Tree Work - Snapped Willow

Discussion in 'Landscape Maintenance' started by Darryl G, Apr 24, 2011.

  1. Darryl G

    Darryl G Inactive
    Messages: 9,500

    I went to check on a property I do the mowing and spring/fall cleanups on to find that a relatively small Willow had snapped off and was laying in the lawn. This is a summer home for my customer so they were unaware of it. We exchanged voice mails and I was given the go-ahead to clean it up.

    They're the type of people that never ask the price of anything and I'm always fair with them. Usually I just bill on a time & materials basis. The thing is that I really don't do much of this type of work, but I did used to work as a groundman for a tree service so it's well within my ability.

    What I'm really wondering is whether you guys charge more for tree work since there is a bit more skill and danger involved than most other types of maintenance work. I also know that you're not going to get a tree service out to do anything in my area for under $500.

    Here's some what's this job worth...cut up, cleaned up and hauled away/disposed of. I've got about 3 hours into it including travel time and dump time. I'm thinking $225 labor and $75 for hauling/dispo so $300. I really don't think they'd find anyone to do it for less than that. Fair?

    BTW, I used a wheelbarrow to wheel the wood right up onto my dump trailer...I thought that was pretty clever/efficient. And I didn't do that plow damage to the lawn...the neighbor's plow guy did.

    Dupont Willow 001.jpg

    Dupont Willow 002.jpg

    Dupont Willow 004.jpg

    Dupont Willow 005.jpg

    Dupont Willow 007.jpg
  2. Dr.NewEarth

    Dr.NewEarth LawnSite Bronze Member
    Messages: 1,476

    I think you're fair and have done a good job. That appears to be a pretty bad break.
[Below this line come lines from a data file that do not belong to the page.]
text \<open>Put q = p^n and m = p^(n+1), so that q^2 \<equiv> 0 (mod m). Each generator has the form I + qX
  with X of trace zero, and modulo m one has (I + qX)(I + qY) = I + q(X + Y) + q^2 XY \<equiv> I + q(X + Y).
  Hence the group generated is the image of the additive group spanned by the six matrices X,
  which (using \<lambda>^2 = \<lambda> + 1) is the whole lattice of trace-zero matrices over \<int>[\<lambda>].
  Finally I + qX \<equiv> I + qY (mod m) iff X \<equiv> Y (mod p), so the group is in bijection with the
  trace-zero matrices over \<int>[\<lambda>]/p, i.e. with three entries of (\<int>/p)^2, giving p^6 elements.\<close>

lemma zl_red_mul_cong:
  assumes "zl_red m x = zl_red m x'" "zl_red m y = zl_red m y'"
  shows "zl_red m (zl_mul x y) = zl_red m (zl_mul x' y')"
  using assms by (cases x; cases x'; cases y; cases y') (auto intro!: mod_add_cong mod_mult_cong)

lemma zl_red_idem [simp]: "zl_red m (zl_red m x) = zl_red m x"
  by (cases x) simp

lemma mat_red_idem [simp]: "mat_red m (mat_red m A) = mat_red m A"
  by (cases A) simp

lemma mat_red_mat_mul_left: "mat_red m (mat_mul (mat_red m A) B) = mat_red m (mat_mul A B)"
  by (cases A; cases B) (auto intro!: mod_add_cong mod_mult_cong)

lemma mat_red_mat_mul_right: "mat_red m (mat_mul A (mat_red m B)) = mat_red m (mat_mul A B)"
  by (cases A; cases B) (auto intro!: mod_add_cong mod_mult_cong)

lemma zl_red_mat_det: "zl_red m (mat_det (mat_red m A)) = zl_red m (mat_det A)"
  by (cases A) (auto intro!: mod_add_cong mod_mult_cong mod_diff_cong mod_minus_cong)

lemma mat_mul_assoc: "mat_mul (mat_mul A B) C = mat_mul A (mat_mul B C)"
  by (cases A; cases B; cases C) (auto simp: algebra_simps)

lemma mat_mul_id_left [simp]: "mat_mul mat_id A = A"
  by (cases A) (auto simp: mat_id_def zl_one_def zl_zero_def)

lemma mat_det_mat_mul: "mat_det (mat_mul A B) = zl_mul (mat_det A) (mat_det B)"
  by (cases A; cases B) (auto simp: algebra_simps)

fun mat_adj :: "mat2 \<Rightarrow> mat2" where
  "mat_adj (a, b, c, d) = (d, zl_neg b, zl_neg c, a)"

lemma mat_mul_adj: "mat_mul (mat_adj A) A = (mat_det A, zl_zero, zl_zero, mat_det A)"
  by (cases A) (auto simp: zl_zero_def algebra_simps)

lemma mat_det_adj: "mat_det (mat_adj A) = mat_det A"
  by (cases A) (auto simp: algebra_simps)

lemma group_SL2_quot: "group (SL2_quot m)"
proof (rule groupI)
  have det_mul: "zl_red m (mat_det (mat_red m (mat_mul A B))) = zl_red m zl_one"
    if "zl_red m (mat_det A) = zl_red m zl_one" "zl_red m (mat_det B) = zl_red m zl_one" for A B
  proof -
    have "zl_red m (mat_det (mat_red m (mat_mul A B))) = zl_red m (zl_mul (mat_det A) (mat_det B))"
      by (simp add: zl_red_mat_det mat_det_mat_mul)
    also have "\<dots> = zl_red m (zl_mul zl_one zl_one)"
      using that by (rule zl_red_mul_cong)
    finally show ?thesis by (simp add: zl_one_def)
  qed
  show "\<one>\<^bsub>SL2_quot m\<^esub> \<in> carrier (SL2_quot m)"
    using det_mul[of mat_id mat_id]
    by (simp add: SL2_quot_def mat_id_def zl_one_def zl_zero_def)
  show "x \<otimes>\<^bsub>SL2_quot m\<^esub> y \<in> carrier (SL2_quot m)"
    if "x \<in> carrier (SL2_quot m)" "y \<in> carrier (SL2_quot m)" for x y
    using that det_mul by (simp add: SL2_quot_def)
  show "x \<otimes>\<^bsub>SL2_quot m\<^esub> y \<otimes>\<^bsub>SL2_quot m\<^esub> z
      = x \<otimes>\<^bsub>SL2_quot m\<^esub> (y \<otimes>\<^bsub>SL2_quot m\<^esub> z)" for x y z
    by (simp add: SL2_quot_def mat_red_mat_mul_left mat_red_mat_mul_right mat_mul_assoc)
  show "\<one>\<^bsub>SL2_quot m\<^esub> \<otimes>\<^bsub>SL2_quot m\<^esub> x = x" if "x \<in> carrier (SL2_quot m)" for x
    using that by (simp add: SL2_quot_def mat_red_mat_mul_left)
  show "\<exists>y\<in>carrier (SL2_quot m). y \<otimes>\<^bsub>SL2_quot m\<^esub> x = \<one>\<^bsub>SL2_quot m\<^esub>"
    if x: "x \<in> carrier (SL2_quot m)" for x
  proof
    show "mat_red m (mat_adj x) \<in> carrier (SL2_quot m)"
      using x by (simp add: SL2_quot_def zl_red_mat_det mat_det_adj)
    show "mat_red m (mat_adj x) \<otimes>\<^bsub>SL2_quot m\<^esub> x = \<one>\<^bsub>SL2_quot m\<^esub>"
      using x by (cases "mat_det x")
        (simp add: SL2_quot_def mat_red_mat_mul_left mat_mul_adj mat_id_def zl_zero_def)
  qed
qed

fun mat_add :: "mat2 \<Rightarrow> mat2 \<Rightarrow> mat2" where
  "mat_add (a, b, c, d) (e, f, g, h) = (zl_add a e, zl_add b f, zl_add c g, zl_add d h)"

fun mat_smul :: "int \<Rightarrow> mat2 \<Rightarrow> mat2" where
  "mat_smul k (a, b, c, d) = (zl_smul k a, zl_smul k b, zl_smul k c, zl_smul k d)"
text \<open>Reversal maps the ideal generated by \<open>x^n - l\<close> to that generated by \<open>x^n - l^{-1}\<close>,
  up to the power of \<open>x\<close> that makes the reversal lengths match.\<close>
lemma xpow_minus_dvd_reverse_poly:
  assumes lm: "l * m = 1" and n: "0 < n" and c: "length c = n"
    and dvd: "xpow_minus n l dvd Poly c - H" and H: "\<forall>j\<ge>M. coeff H j = 0" and M: "n \<le> M"
  shows "xpow_minus n m dvd monom 1 (M - n) * Poly (rev c) - reverse_poly M H"
proof -
  obtain q where q: "Poly c - H = xpow_minus n l * q" using dvd by (auto elim: dvdE)
  have c_high: "\<forall>j\<ge>n. coeff (Poly c) j = 0" using c by (auto simp: nth_default_def)
  have eq: "monom 1 (M - n) * Poly (rev c) - reverse_poly M H = reverse_poly M (Poly c - H)"
    using reverse_poly_extend[OF c_high M] by (simp add: reverse_poly_Poly[OF c] reverse_poly_diff)
  show ?thesis
  proof (cases "q = 0")
    case True
    then show ?thesis using eq q by simp
  next
    case False
    have "coeff (Poly c - H) (n + degree q) \<noteq> 0"
      using q coeff_mult_degree_sum[of "xpow_minus n l" q] n False
      by (simp add: degree_xpow_minus coeff_xpow_minus)
    then have "n + degree q < M" using c_high H M by (metis coeff_diff diff_zero le_add1 le_trans not_le)
    then have "\<forall>j\<ge>M - n. coeff q j = 0" by (auto intro: coeff_eq_0)
    moreover have "\<forall>j\<ge>n + 1. coeff (xpow_minus n l) j = 0" using n by (simp add: coeff_xpow_minus)
    ultimately have "reverse_poly ((n + 1) + (M - n) - 1) (xpow_minus n l * q)
        = reverse_poly (n + 1) (xpow_minus n l) * reverse_poly (M - n) q"
      using \<open>n + degree q < M\<close> by (intro reverse_poly_mult) auto
    then have "reverse_poly M (Poly c - H) = xpow_minus n m * (- [:l:] * reverse_poly (M - n) q)"
      using M q reverse_poly_xpow_minus[OF lm n] by (simp add: algebra_simps)
    then show ?thesis using eq by (metis dvd_triv_left)
  qed
qed

section \<open>Dual codes of constacyclic codes\<close>

lemma inner_product_eq_0_if_dvd_reverse_poly:
  fixes f :: "'a::comm_ring_1 poly"
  assumes lm: "l * m = 1" and n: "0 < n" and a0: "0 < a0" and f: "\<forall>j\<ge>a0. coeff f j = 0"
    and c: "c \<in> constacyclic_ideal n l f" and d: "length d = n"
    and dvd: "xpow_minus n m dvd Poly d * reverse_poly a0 f"
  shows "(\<Sum>k<n. d ! k * c ! k) = 0"
proof -
  obtain h q where c_len: "length c = n" and Pc: "Poly c = f * h + q * xpow_minus n l"
    using c unfolding constacyclic_ideal_xpow_minus by auto
  define b where "b = degree h + n"
  define M where "M = a0 + b - 1"
  have h: "\<forall>j\<ge>b. coeff h j = 0" unfolding b_def using n by (auto intro: coeff_eq_0)
  have "degree f \<le> a0 - 1" using f a0 by (intro degree_le) auto
  then have "degree (f * h) \<le> (a0 - 1) + degree h"
    using degree_mult_le[of f h] by linarith
  then have fh: "\<forall>j\<ge>M. coeff (f * h) j = 0"
    unfolding M_def b_def using n a0 by (intro allI impI coeff_eq_0) linarith
  have "xpow_minus n m dvd monom 1 (M - n) * Poly (rev c) - reverse_poly M (f * h)"
    by (rule xpow_minus_dvd_reverse_poly[OF lm n c_len _ fh]) (use Pc a0 in \<open>simp_all add: M_def b_def\<close>)
  also have "reverse_poly M (f * h) = reverse_poly a0 f * reverse_poly b h"
    unfolding M_def by (rule reverse_poly_mult[OF f h a0]) (simp add: b_def n)
  finally have rev_c: "xpow_minus n m dvd
      monom 1 (M - n) * Poly (rev c) - reverse_poly a0 f * reverse_poly b h" .
  have "monom 1 (M - n) * (Poly d * Poly (rev c)) - 0 =
      Poly d * (monom 1 (M - n) * Poly (rev c) - reverse_poly a0 f * reverse_poly b h)
      + Poly d * reverse_poly a0 f * reverse_poly b h"
    by (simp add: algebra_simps)
  also have "xpow_minus n m dvd \<dots>"
    by (rule dvd_add[OF dvd_mult[OF rev_c] dvd_mult2[OF dvd]])
  finally obtain g where "xpow_minus n m dvd Poly d * Poly (rev c) - 0 * g"
    by (rule xpow_minus_dvd_cancel_monom[OF lm n])
  then have "constacyclic_rep n m (Poly d * Poly (rev c)) = constacyclic_rep n m 0"
    by (intro constacyclic_rep_eq_if_dvd n) simp
  then show ?thesis
    by (simp add: inner_product_eq_coeff_constacyclic_rep[OF d c_len n, of m])
qed

text \<open>Reversal takes \<open>x^k * reverse_poly a0 f\<close> back to a power of \<open>x\<close> times \<open>f\<close>, and \<open>x\<close>
  is a unit modulo \<open>x^n - l\<close>.\<close>
lemma rev_constacyclic_rep_shift_mem:
  fixes f :: "'a::comm_ring_1 poly"
  assumes lm: "l * m = 1" and n: "0 < n" and a0: "0 < a0" and f: "\<forall>j\<ge>a0. coeff f j = 0"
  shows "rev (map (coeff (constacyclic_rep n m (monom 1 k * reverse_poly a0 f))) [0..<n])
      \<in> constacyclic_ideal n l f" (is "rev ?w \<in> _")
proof -
  define H where "H = monom 1 k * reverse_poly a0 f"
  define M where "M = k + a0 + n"
  have w_len: "length ?w = n" by simp
  have "Poly ?w = constacyclic_rep n m H"
    unfolding H_def by (rule Poly_map_coeff_upt) (simp add: coeff_constacyclic_rep_eq_0 n)
  then have "xpow_minus n m dvd Poly ?w - H"
    using xpow_minus_dvd_diff_constacyclic_rep[of n m H] by (metis dvd_minus_iff minus_diff_eq)
  then have "xpow_minus n l dvd monom 1 (M - n) * Poly (rev ?w) - reverse_poly M H"
    using lm by (intro xpow_minus_dvd_reverse_poly[OF _ n w_len])
       (auto simp: M_def H_def coeff_monom_mult coeff_reverse_poly mult.commute[of m])
  also have "reverse_poly M H = reverse_poly ((k + 1) + (M - k) - 1) (monom 1 k * reverse_poly a0 f)"
    by (simp add: M_def H_def add.assoc)
  also have "\<dots> = reverse_poly (k + 1) (monom 1 k) * reverse_poly (M - k) (reverse_poly a0 f)"
    by (rule reverse_poly_mult) (use n in \<open>auto simp: M_def coeff_reverse_poly\<close>)
  also have "\<dots> = monom 1 (M - k - a0) * f"
    using reverse_poly_extend[where a = a0 and b = "M - k" and P = "reverse_poly a0 f"]
    by (simp add: reverse_poly_monom coeff_reverse_poly reverse_poly_reverse_poly[OF f] M_def)
  finally obtain g where "xpow_minus n l dvd Poly (rev ?w) - monom 1 (M - k - a0) * f * g"
    using xpow_minus_dvd_cancel_monom[of m l n] lm n by (metis mult.commute)
  then obtain q where "Poly (rev ?w) = f * (monom 1 (M - k - a0) * g) + q * xpow_minus n l"
    by (auto elim!: dvdE simp: algebra_simps)
  then show ?thesis unfolding constacyclic_ideal_xpow_minus by auto
qed

text \<open>Each coefficient of the representative of \<open>Poly x * reverse_poly a0 f\<close> modulo
  \<open>x^n - m\<close> is the inner product of the word \<open>x\<close> with a codeword.\<close>
lemma xpow_minus_dvd_if_mem_dual_code:
  fixes f :: "'a::comm_ring_1 poly"
  assumes lm: "l * m = 1" and n: "0 < n" and a0: "0 < a0" and f: "\<forall>j\<ge>a0. coeff f j = 0"
    and x: "x \<in> dual_code n (constacyclic_ideal n l f)"
  shows "xpow_minus n m dvd Poly x * reverse_poly a0 f"
proof -
  define F where "F = reverse_poly a0 f"
  define r where "r = constacyclic_rep n m (Poly x * F)"
  have x_len: "length x = n" using x by (simp add: dual_code_def)
  have r_high: "\<forall>j\<ge>n. coeff r j = 0" unfolding r_def using coeff_constacyclic_rep_eq_0[OF n] by auto
  have "r = 0"
  proof (rule poly_eqI)
    fix j
    show "coeff r j = coeff 0 j"
    proof (cases "j < n")
      case True
      define k where "k = n - 1 - j"
      define w where "w = map (coeff (constacyclic_rep n m (monom 1 k * F))) [0..<n]"
      have k: "k < n" and j: "j = n - 1 - k" using True by (auto simp: k_def)
      have "coeff r j = coeff (constacyclic_rep n m (monom 1 k * r)) (n - 1)"
        using coeff_constacyclic_rep_monom_mult[OF n r_high k] j by simp
      also have "constacyclic_rep n m (monom 1 k * r) = constacyclic_rep n m (Poly x * Poly w)"
      proof (rule constacyclic_rep_eq_if_dvd[OF n])
        have "Poly w = constacyclic_rep n m (monom 1 k * F)"
          unfolding w_def by (rule Poly_map_coeff_upt) (simp add: coeff_constacyclic_rep_eq_0 n)
        then have "monom 1 k * r - Poly x * Poly w
            = Poly x * (monom 1 k * F - constacyclic_rep n m (monom 1 k * F))
              - monom 1 k * (Poly x * F - r)"
          by (simp add: r_def algebra_simps)
        also have "xpow_minus n m dvd \<dots>"
          unfolding r_def by (intro dvd_diff dvd_mult xpow_minus_dvd_diff_constacyclic_rep)
        finally show "xpow_minus n m dvd monom 1 k * r - Poly x * Poly w" .
      qed
      also have "coeff (constacyclic_rep n m (Poly x * Poly w)) (n - 1) = (\<Sum>t<n. x ! t * rev w ! t)"
        using inner_product_eq_coeff_constacyclic_rep[OF x_len _ n, of "rev w" m] by (simp add: w_def)
      also have "\<dots> = 0"
        using x rev_constacyclic_rep_shift_mem[OF lm n a0 f, of k]
        by (auto simp: dual_code_def w_def F_def)
      finally show ?thesis by simp
    qed (simp add: r_high)
  qed
  then show ?thesis
    using xpow_minus_dvd_diff_constacyclic_rep[of n m "Poly x * F"] by (simp add: r_def F_def)
qed

theorem mem_dual_code_constacyclic_ideal_iff:
  fixes f :: "'a::comm_ring_1 poly"
  assumes "l * m = 1" and "0 < n" and "0 < a0" and "\<forall>j\<ge>a0. coeff f j = 0"
  shows "x \<in> dual_code n (constacyclic_ideal n l f)
    \<longleftrightarrow> length x = n \<and> xpow_minus n m dvd Poly x * reverse_poly a0 f"
  using xpow_minus_dvd_if_mem_dual_code[OF assms] inner_product_eq_0_if_dvd_reverse_poly[OF assms]
  by (auto simp: dual_code_def)

section \<open>Polynomials over the dual numbers\<close>

abbreviation lift_poly :: "'a::comm_ring_1 poly \<Rightarrow> 'a dual poly" where
  "lift_poly P \<equiv> map_poly dconst P"

lemma coeff_lift_poly [simp]: "coeff (lift_poly P) k = dconst (coeff P k)"
  by (simp add: coeff_map_poly)

lemma lift_poly_add: "lift_poly (P + Q) = lift_poly P + lift_poly Q"
  by (rule poly_eqI) (simp add: dconst_add)

lemma lift_poly_diff: "lift_poly (P - Q) = lift_poly P - lift_poly Q"
  by (rule poly_eqI) (simp add: dconst_diff)

lemma lift_poly_smult: "lift_poly (smult a P) = smult (dconst a) (lift_poly P)"
  by (rule poly_eqI) (simp add: dconst_mult)
text \<open>A based map on the Hawaiian earring amounts to a sequence of based maps on the
  spheres \<open>S^n_k\<close>, each read on \<open>S^n_1\<close> through the dilation \<open>x \<mapsto> x/k\<close>.
  The restrictions of a continuous map are null-convergent because the spheres shrink to
  \<open>theta\<close>. Conversely a null-convergent sequence glues to a continuous map: near \<open>theta\<close>
  all but finitely many spheres land in a given neighbourhood of \<open>x0\<close>, and a point other
  than \<open>theta\<close> has a neighbourhood (a half-space \<open>r_0 > c\<close>) meeting only finitely many of
  the spheres, each of which is closed. As \<open>phi\<close> only depends on the homotopy class of the
  chosen representative, its image is exactly \<open>L_n\<close>.\<close>

definition hawaiian_set :: "nat \<Rightarrow> (nat \<Rightarrow> real) set" where
  "hawaiian_set n = (\<Union>k\<in>{1..}. sph_set n k)"

definition stretch :: "nat \<Rightarrow> (nat \<Rightarrow> real) \<Rightarrow> (nat \<Rightarrow> real)" where
  "stretch k y = (\<lambda>i. real k * y i)"

lemma sph_set_iff:
  "y \<in> sph_set n k \<longleftrightarrow> (\<forall>i\<ge>Suc n. y i = 0) \<and>
     (y 0 - 1 / real k)\<^sup>2 + (\<Sum>i\<in>{1..n}. (y i)\<^sup>2) = (1 / real k)\<^sup>2"
  unfolding sph_set_def topspace_Euclidean_space by auto

lemma theta_in_sph_set: "theta \<in> sph_set n k"
  unfolding sph_set_iff theta_def by simp

lemma theta_in_hawaiian_set: "theta \<in> hawaiian_set n"
  unfolding hawaiian_set_def using theta_in_sph_set by blast

lemma sph_set_subset_hawaiian_set: "k \<ge> 1 \<Longrightarrow> sph_set n k \<subseteq> hawaiian_set n"
  unfolding hawaiian_set_def by auto

lemma shrink_theta: "shrink k theta = theta"
  by (simp add: shrink_def theta_def)

lemma stretch_shrink: "k \<ge> 1 \<Longrightarrow> stretch k (shrink k x) = x"
  by (simp add: stretch_def shrink_def)

lemma shrink_in_sph_set:
  assumes "k \<ge> 1" "x \<in> sph_set n 1"
  shows "shrink k x \<in> sph_set n k"
proof -
  have k: "real k > 0" using assms by simp
  have e: "(x 0 - 1)\<^sup>2 + (\<Sum>i\<in>{1..n}. (x i)\<^sup>2) = 1" and z: "\<forall>i\<ge>Suc n. x i = 0"
    using assms(2) unfolding sph_set_iff by auto
  have "(x 0 / real k - 1 / real k)\<^sup>2 + (\<Sum>i\<in>{1..n}. (x i / real k)\<^sup>2)
      = ((x 0 - 1)\<^sup>2 + (\<Sum>i\<in>{1..n}. (x i)\<^sup>2)) / (real k)\<^sup>2"
    using k by (simp add: power_divide diff_divide_distrib[symmetric] sum_divide_distrib add_divide_distrib)
  also have "\<dots> = (1 / real k)\<^sup>2" using e by (simp add: power_divide)
  finally show ?thesis unfolding sph_set_iff shrink_def using z by simp
qed

lemma stretch_in_sph_set:
  assumes "k \<ge> 1" "y \<in> sph_set n k"
  shows "stretch k y \<in> sph_set n 1"
proof -
  have k: "real k > 0" using assms by simp
  have e: "(y 0 - 1 / real k)\<^sup>2 + (\<Sum>i\<in>{1..n}. (y i)\<^sup>2) = (1 / real k)\<^sup>2"
    and z: "\<forall>i\<ge>Suc n. y i = 0"
    using assms(2) unfolding sph_set_iff by auto
  have "(real k * y 0 - 1)\<^sup>2 + (\<Sum>i\<in>{1..n}. (real k * y i)\<^sup>2)
      = (real k)\<^sup>2 * ((y 0 - 1 / real k)\<^sup>2 + (\<Sum>i\<in>{1..n}. (y i)\<^sup>2))"
    using k by (simp add: power_mult_distrib sum_distrib_left algebra_simps power2_eq_square)
  also have "\<dots> = 1" using e k by (simp add: power_divide)
  finally show ?thesis unfolding sph_set_iff stretch_def using z by simp
qed

lemma sph_set_coord_bounds:
  assumes "k \<ge> 1" "y \<in> sph_set n k"
  shows "0 \<le> y 0" and "\<bar>y i\<bar> \<le> 2 / real k"
proof -
  have k: "real k > 0" using assms by simp
  have e: "(y 0 - 1 / real k)\<^sup>2 + (\<Sum>i\<in>{1..n}. (y i)\<^sup>2) = (1 / real k)\<^sup>2"
    and z: "\<forall>i\<ge>Suc n. y i = 0"
    using assms(2) unfolding sph_set_iff by auto
  have sq_bound: "\<bar>t\<bar> \<le> 1 / real k" if "t\<^sup>2 \<le> (1 / real k)\<^sup>2" for t
    using power2_le_imp_le[of "\<bar>t\<bar>" "1 / real k"] that k by simp
  have "(\<Sum>i\<in>{1..n}. (y i)\<^sup>2) \<ge> 0" by (simp add: sum_nonneg)
  then have "(y 0 - 1 / real k)\<^sup>2 \<le> (1 / real k)\<^sup>2" using e by linarith
  then have "\<bar>y 0 - 1 / real k\<bar> \<le> 1 / real k" by (rule sq_bound)
  then have y0: "0 \<le> y 0" "y 0 \<le> 2 / real k" by (auto simp: abs_le_iff)
  then show "0 \<le> y 0" by simp
  consider "i = 0" | "i \<in> {1..n}" | "i \<ge> Suc n" by fastforce
  then show "\<bar>y i\<bar> \<le> 2 / real k"
  proof cases
    case 1 then show ?thesis using y0 by simp
  next
    case 2
    have "(y i)\<^sup>2 \<le> (\<Sum>i\<in>{1..n}. (y i)\<^sup>2)" using 2 by (intro member_le_sum) auto
    moreover have "0 \<le> (y 0 - 1 / real k)\<^sup>2" by simp
    ultimately have "(y i)\<^sup>2 \<le> (1 / real k)\<^sup>2" using e by linarith
    then have "\<bar>y i\<bar> \<le> 1 / real k" by (rule sq_bound)
    also have "\<dots> \<le> 2 / real k" using k by (simp add: divide_right_mono)
    finally show ?thesis .
  next
    case 3 then show ?thesis using z k by simp
  qed
qed

lemma sph_set_coord0_pos:
  assumes "k \<ge> 1" "y \<in> sph_set n k" "y \<noteq> theta"
  shows "y 0 > 0"
proof (rule ccontr)
  assume "\<not> y 0 > 0"
  then have y0: "y 0 = 0" using sph_set_coord_bounds(1)[OF assms(1,2)] by simp
  have e: "(y 0 - 1 / real k)\<^sup>2 + (\<Sum>i\<in>{1..n}. (y i)\<^sup>2) = (1 / real k)\<^sup>2"
    and z: "\<forall>i\<ge>Suc n. y i = 0"
    using assms(2) unfolding sph_set_iff by auto
  have "(\<Sum>i\<in>{1..n}. (y i)\<^sup>2) = 0" using e y0 by (simp add: power2_eq_square)
  then have "\<forall>i\<in>{1..n}. y i = 0" by (subst (asm) sum_nonneg_eq_0_iff) auto
  then have "y i = 0" for i
    using y0 z by (cases "i = 0"; cases "i \<le> n") auto
  then have "y = theta" unfolding theta_def by auto
  with assms(3) show False by simp
qed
    Your clients will appreciate your pictures in their e-mail.

    I believe they should have their trees looked at by a professional arborist.
    Although there are no direct targets, there appears to be potential for future problems with disease.

    If you get them to agree to a large scale pruning project by a sub-contractor,
    you can add say 10% for your administrative time. Just an idea.
  3. Darryl G

    Darryl G Inactive
    Messages: 9,500

    Yeah, snapped pretty bad...all rotted inside. I'd like to start with the shrubs against the house really...pretty overgrown.

    Dupont Willow 003.jpg
  4. Lefet

    Lefet LawnSite Bronze Member
    Messages: 1,887

    Sounds fair to me also and very good photo documentation. We have a few properties we maintain where the clients are always away too, do the same thing. Would love to have more like them. Never ask price, always trust in your judgement and skill. GREAT clients!!
  5. Dr.NewEarth

    Dr.NewEarth LawnSite Bronze Member
    Messages: 1,476

    Wow, that's some serious decay.

    Past poor pruning techniques can cause internal decay.
    Usually a tree compartmentalizes decay in four different directions.
    That could have been caused by many things.

    You can check the other trees for internal decay if you tap them with a hard mallet.

    Was that tree hit by an excavator or ride-on before, or has the ground water changed from construction? I wonder what caused such a problem?

    If any-one wants information on proper pruning techniques, and pretty much any-thing to do with tree care, health and "Alex Shigo" and you can also go to the ISA Website.

    I'm glad that didn't do any damage.
  6. Darryl G

    Darryl G Inactive
    Messages: 9,500

    According to the next door neighbor, the tree had fallen over years ago and was uprighted again...about all I know. I think it uprooted but maybe it cracked as well.

    These customers are elderly...I don't just mean senior citizens...I mean the wife is in her mid to late 80s and the husband well into his 90s. They seem to want to do the minimum required to keep the place presentable, so I don't think preventive care of trees would be on the list. It's been 2 years since the beds were even weeded and at least 3 years since any of the shurbs were purned. Very nice people though and easy to work for. They did have me repair drought damage to the lawn in the fall.